The FDA has approved Orserdu (elacestrant) to treat postmenopausal women or adult men with advanced or metastatic breast cancer. It is indicated for patients with ER-positive, HER2-negative, ESR1-mutated disease with disease progression following at least one line of endocrine therapy.

Developed by Stemline Therapeutics (a subsidiary of Menarini Group), Orserdu is an oral selective estrogen receptor degrader (SERD). SERDs work by blocking the effects of estrogen on hormone receptor-positive breast cancer cells.
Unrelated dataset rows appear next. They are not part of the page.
(* Let $K$ be a compact Hausdorff space. A one-dimensional real Banach space can be U-embedded into $C(K)$ if and only if $K$ contains at least one $G_\delta$-point, i.e. a point $p$ such that $\{p\}$ is a $G_\delta$-subset of $K$.
   Context: $C(K)$ carries the sup norm. A linear isometry $T\colon X\to Y$ is a U-embedding if every $x^*\in X^*$ has a unique $y^*\in Y^*$ with $T^*(y^* )=x^*$ and $\|y^*\|=\|x^*\|$. *)

theory Defs
  imports "HOL-Analysis.Analysis"
begin

definition linear_isometry :: "('a::real_normed_vector \<Rightarrow> 'b::real_normed_vector) \<Rightarrow> bool" where
  "linear_isometry T \<longleftrightarrow> linear T \<and> (\<forall>x. norm (T x) = norm x)"

definition U_embedding :: "('a::real_normed_vector \<Rightarrow> 'b::real_normed_vector) \<Rightarrow> bool" where
  "U_embedding T \<longleftrightarrow> linear_isometry T \<and>
     (\<forall>xs :: 'a \<Rightarrow>\<^sub>L real. \<exists>!ys :: 'b \<Rightarrow>\<^sub>L real.
        (\<forall>x. blinfun_apply ys (T x) = blinfun_apply xs x) \<and> norm ys = norm xs)"

end

theory Submission
  imports Defs
begin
ESR1 mutations are present in up to 40% of ER+, HER2- advanced or metastatic breast cancers.

Approval was based on data from the phase 3 EMERALD study, a multicenter trial that enrolled 478 postmenopausal women and men with ER-positive, HER2-negative advanced or metastatic breast cancer of which 228 patients had ESR1 mutations. The study compared Orserdu with AstraZeneca’s Faslodex (fulvestrant), the only other FDA-approved SERD, plus letrozole, anastrozole, exemestane.

In the 228 (48%) patients with ESR1 mutations, median progression-free survival was 3.8 months in the Orserdu arm and 1.9 months in the Faslodex arm.

FDA approves Tezspire in pre-filled pen.

The FDA has approved Tezspire (tezepelumab-ekko) in a pre-filled, single-use pen for patients aged 12 years and older with severe asthma. First approved by the FDA in December 2021, Tezspire is a first-in-class biologic for severe asthma. It targets thymic stromal lymphopoietin (TSLP), which plays a role in the inflammation associated with asthma.

Developed by Amgen and AstraZeneca, the original Tezspire delivered via a single-use syringe has a list price of $3,847.35 per 210 mg/mL, which is given every four week. A spokesperson for the companies indicated that the pricing of the pre-filled will be made available when it launches.

The approval was based on results from the PATHFINDER clinical trial program, which included results from the PATH-BRIDGE phase 1 trial and the PATH-HOME trial phase 3 trial. The majority (92%) of healthcare providers, patients and caregivers were able to successfully administer Tezspire both in the clinic and at home.